一种大数据量预测的三层联合动态选择最优模型方法,包括预测模型算法库、权重算法库、最优权重算法甄选算法三层,预测模型算法库放置在最底层,在预测算法模型库之上是权重算法库,在权重算法库之上是最优权重算法甄选算法;该种大数据量预测的三层联合动态选择最优模型方法,三层结构具有高扩展性、预测稳定性、模型的动态调整特性、预测数据对模型的无差异性这四种特性。本方法运用了联合算法,该算法规避了常用算法的一些缺点,利用赋予多种模型权重的方法,将多种算法有机地组合在一起,将最适应的算法赋予高权重,而将相对不好的算法赋予低的权重,这样既保证了数据预测的准确性,也保证了数据长度增加后,预测的稳定性。

Description

大数据量预测的三层联合动态选择最优模型方法 技术领域
本发明涉及一种大数据量预测的三层联合动态选择最优模型方法。
背景技术
现在每天生成的数据高达250兆亿个字节,超过过去两年里生成的数据总量的90%。大量的数据,以结构化的形式存储于计算机。这些数据被结构化后,在方便储存的同时,也失去了逻辑上的关联,比如,通讯上相邻的两个小区之间,彼此影响,相互因果,并以某种模式延续到未来,而存储在计算机里的,只是两列数据,并无关联和模式,实际情况下,可能是无数列这样的数据,这让关联和模式隐藏的更深,形式更复杂。在如此大量而复杂的数据中,要发现关联、捕捉模式,以预测未来,需要一个稳定而准确的模型,这对现有算法提出了更高的要求。
为了获得这样一个理想模型,分析常规建模过程是有必要的。基于大量数据预测时,首先是借助统计和可视化的方法,分析数据的特征,比如,是线性的还是非线性的,周期多少,滞后期多少,呈何种分布等等,如果到这步还没有清晰的特征,就需要对数据进行数学转换,转换后的数据继续上述步骤,直到得到清晰的数学特征,然后是基于数学特征建模。这种建模流程固然很好,且绝大多数情况下能很好的实现目标。然而,有时候这么做会有问题。
第一个问题是,模型可能会选择错误,假设模拟产生某列数据,符合周期逐渐变小的震荡的数学特性(假定是周期渐小的正弦),并且让它的周期特别大,大到在一定范围内看,局部分布是呈线性的,但从足够的远期看,才能看到它的庐山真面目。在一段时间内,它的模式很可能被错误捕捉,实际运用中,如果数据不够多,或者数据没有累计到一定程度,那么,在选用模型时,很可能会有问题。而且,一旦选用了某个模型,很可能没有机会再去选用别的,甚至也不能修正模型本身,因为在一开始模型就被评估的很好,然后就进入正式开发,放入工程中,当数据增加或情况改变时,也不会再考虑重新选择模型。随着数据的积累或者在预测长期的数据时,问题就会凸现,预测效果会变得很差。

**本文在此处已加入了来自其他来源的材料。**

(* Suppose that $(\tilde{u},\tilde{v})\in\mathbb{R}^2$ and $c>0$, and set \[ u_c = \frac{\tilde{u}}{c},\qquad v_c = \frac{2\ln c+\tilde{v}}{c}. \] Then as $c\to+\infty$ the catenoids $\mathfrak{C}_c$ (parametrized by $X_c$) satisfy \[ \lim_{c\to+\infty} X_c(u_c+iv_c) = \left(-\frac{1}{2\lambda_1}\cos\tilde{u}\,e^{\tilde{v}},\; -\frac{1}{2\lambda_2}\sin\tilde{u}\,e^{\tilde{v}},\; 0\right). \]
   Context: Setting: $\widetilde{E(2)}$ is $\mathbb{R}^3$ with the group law $(x_1,y_1,z_1)*(x_2,y_2,z_2)=(x_1+x_2\cos z_1-y_2\sin z_1,\ y_1+x_2\sin z_1+y_2\cos z_1,\ z_1+z_2)$ and the left-invariant metric $g(\lambda_1,\lambda_2)=\lambda_1^2(\cos z\,dx+\sin z\,dy)^2+\lambda_2^2(-\sin z\,dx+\cos z\,dy)^2+\frac{1}{\lambda_1^2\lambda_2^2}dz^2$, where either $\lambda_1>\lambda_2>0$ or $\lambda_1=\lambda_2=1$. Write coordinates as $(x_1,x_2,x_3)$. Construction of the catenoid $\mathfrak{C}_c$: For $c>0$ and a real $\theta$, put $\theta_c^+=\pi$ if $c>\sqrt2\lambda_1$ and $\theta_c^+=\arccos(1-c^2/\lambda_1^2)$ if $0<c\le\sqrt2\lambda_1$, and take $\theta\in(-\theta_c^+,\theta_c^+)$. Let $\varphi$ solve $\varphi'(u)=\sqrt{c^2+2\cos\theta\, B-D^2B^2}$, $\varphi(0)=0$, where $B=\lambda_1^2\cos^2\varphi(u)+\lambda_2^2\sin^2\varphi(u)$ and $D=\sin\theta/c$; let $f$ solve $f'(u)=DB$, $f(0)=0$; let $A=f(u)+cv$; let $G(u)=\int_0^u\frac{c-\varphi'(s)}{B}\,ds$; let $U>0$ be such that $\varphi(U)=\pi$, and let $H(c,\theta)=Df(U)+cG(U)$. It is known that for each $c>0$ there is a unique $\widetilde{\theta_c}\in(0,\pi/2)\cap(0,\theta_c^+)$ with $H(c,\widetilde{\theta_c})=0$, and that $\widetilde{\theta_c}\to\pi/2$ as $c\to+\infty$. The catenoid $\mathfrak{C}_c$ is the image of the conformal minimal immersion $X_c=(x_1,x_2,x_3):\mathbb{C}\to\widetilde{E(2)}$, $z=u+iv$, obtained with $\theta=\widetilde{\theta_c}$ (all of $\varphi,f,B,D,A,G,U$ then depend on $c$), given by $x_3(u+iv)=-\lambda_1\lambda_2Dv+\lambda_1\lambda_2G(u)$, $x_1=-\frac{1}{(c^2+\lambda_1^2\lambda_2^2D^2)B}\Big[\frac{1}{\lambda_1}f'\cos\varphi\,M_1-\frac{1}{\lambda_1}(c-\varphi')\sin\varphi\,M_2-\frac{1}{\lambda_2}(c-\varphi')\cos\varphi\,M_3-\frac{1}{\lambda_2}f'\sin\varphi\,M_4\Big]$, $x_2=-\frac{1}{(c^2+\lambda_1^2\lambda_2^2D^2)B}\Big[\frac{1}{\lambda_1}f'\cos\varphi\,M_4-\frac{1}{\lambda_1}(c-\varphi')\sin\varphi\,M_3+\frac{1}{\lambda_2}(c-\varphi')\cos\varphi\,M_2+\frac{1}{\lambda_2}f'\sin\varphi\,M_1\Big]$, where $M_1=c\cos x_3\cosh A-\lambda_1\lambda_2D\sin x_3\sinh A$, $M_2=c\cos x_3\sinh A-\lambda_1\lambda_2D\sin x_3\cosh A$, $M_3=c\sin x_3\sinh A+\lambda_1\lambda_2D\cos x_3\cosh A$, $M_4=c\sin x_3\cosh A+\lambda_1\lambda_2D\cos x_3\sinh A$, and $\varphi,\varphi',f'$ are evaluated at $u$. Its Gauss map is $g(u+iv)=e^{f(u)+cv}e^{i\varphi(u)}$. *)

theory Defs
  imports "HOL-Analysis.Analysis"
begin

text \<open>Setting: left-invariant metric g(lambda1,lambda2) on the universal cover of E(2).\<close>

definition admissible_lambdas :: "real \<Rightarrow> real \<Rightarrow> bool" where
  "admissible_lambdas l1 l2 \<longleftrightarrow> (l1 > l2 \<and> l2 > 0) \<or> (l1 = 1 \<and> l2 = 1)"

definition theta_plus :: "real \<Rightarrow> real \<Rightarrow> real" where
  "theta_plus l1 c = (if c > sqrt 2 * l1 then pi else arccos (1 - c\<^sup>2 / l1\<^sup>2))"

definition Bfun :: "real \<Rightarrow> real \<Rightarrow> real \<Rightarrow> real" where
  "Bfun l1 l2 p = l1\<^sup>2 * (cos p)\<^sup>2 + l2\<^sup>2 * (sin p)\<^sup>2"

definition Dconst :: "real \<Rightarrow> real \<Rightarrow> real" where
  "Dconst c \<theta> = sin \<theta> / c"

definition sint :: "real \<Rightarrow> real \<Rightarrow> (real \<Rightarrow> real) \<Rightarrow> real" where
  "sint a b g = (if a \<le> b then integral {a..b} g else - integral {b..a} g)"

definition Gfun :: "real \<Rightarrow> real \<Rightarrow> real \<Rightarrow> (real \<Rightarrow> real) \<Rightarrow> real \<Rightarrow> real" where
  "Gfun l1 l2 c \<phi> u = sint 0 u (\<lambda>s. (c - deriv \<phi> s) / Bfun l1 l2 (\<phi> s))"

第二个问题是,当要预测大量不同数据时,需要针对每列数据选择一个模型,这样,需要花大量时间在模型甄选上,即使这样做了,仍然不能避免上述的问题 --模型选择错误,而希望每个模型的选择流程都简单而科学,模型预测结果稳定而相对准确。
第三个问题是,无法实现快速动态预测。当有一列新的数据需要建模和预测时,需要重新开始建模流程,分析,建模,评估。显然,这不能满足快速动态的进行预测。而希望这列数据像其他已经建模完的数据一样,能智能地选用某个现成的模型,进行预测和相关处理,并能保证结果的准确性。
发明内容
为了解决上述问题,本发明针对三个问题进行了具体的分析,发现三个问题的一些共同之处,大数据量时,预测值与观测值常常有较大误差,误差会随着预测长度的增加而增大。为了避免误差过大,本发明提供一种大数据量预测的三层联合动态选择最优模型方法,在预测时,可以动态地选择最合适的模型,摒弃预测效果不好的模型,这样做一方面,保证了效果的稳定型,另一方面将误差控制在合理的范围内。
本发明的技术解决方案是:
一种大数据量预测的三层联合动态选择最优模型方法,包括预测模型算法库、权重算法库、最优权重算法甄选算法三层,预测模型算法库放置在的最底层,在预测算法模型库之上是权重算法库,在权重算法库之上是最优权重算法甄选算法;
预测模型算法库:包含若干种预测模型算法,这些算法被抽象成共同的接口,放置在联合算法的最底层,提供预测功能,支撑更上层的功能;
权重算法库:对预测算法库的最底层算法的多样性进行屏蔽,根据底层算法的预测结果,按若干种标准对底层算法进行甄选组合,形成若干种权重算法;
最优权重算法甄选算法:根据验证集中权重算法的效果,选择最优的权重算法,进行预测。
进一步地,预测模型算法库具体的实现步骤如下。
输入训练数据;对训练数据预处理后,得到待用数据;
使用两种以上的不同算法对待用数据进行模型拟合,得到各待选模型。
进一步地,对训练数据预处理,具体包括:
数据筛选:去除过于稀疏的数据列;
时间格式的处理:将时间列映射为连续的整数;
数据补值:缺失数据插值、错误数据插值。
进一步地,权重算法采用如下算法:
算法一:给予所有预测模型相同的权重;
算法二:剔除百分之二十预测结果相对较差的模型,并给予剩下的模型相同的权重;
算法三:计算各模型误差均方根,然后根据误差均方根大小,设计一个反趋势的函数,并根据该函数给各模型赋予权重;
算法四:计算各模型最小绝对误差,然后根据最小绝对误差大小,设计一个反趋势的函数,并根据该函数给各模型赋予权重;
算法五:计算各模型最小二乘计算的误差,然后根据最小二乘计算的误差大小,设计一个反趋势的函数,并根据该函数给各模型赋予权重;
算法六:计算各模型赤池信息量准则,然后根据赤池信息量准则大小,设计一个反趋势的函数,并根据该函数给各模型赋予权重。
进一步地,预测模型算法库具体的实现步骤如下:
调用预测模型库,得到预测模型的预测数据集;
分别调用各个权重算法,并计算权重;
赋予各预测模型相应权重,进行数据预测,存储预测的数据。
进一步地,最优权重算法依据各权重算法在测试集上的预测效果,来甄选最优权重算法;最优权重算法甄选算法的具体步骤如下:
调用权重算法库的算法,得到权重预测的数据的集合;
利用权重库预测的数据集,与验证集比对,得到误差;
由最小误差,得到最优权重算法;
将最优权重方法预测的数据存储,得到预测结果。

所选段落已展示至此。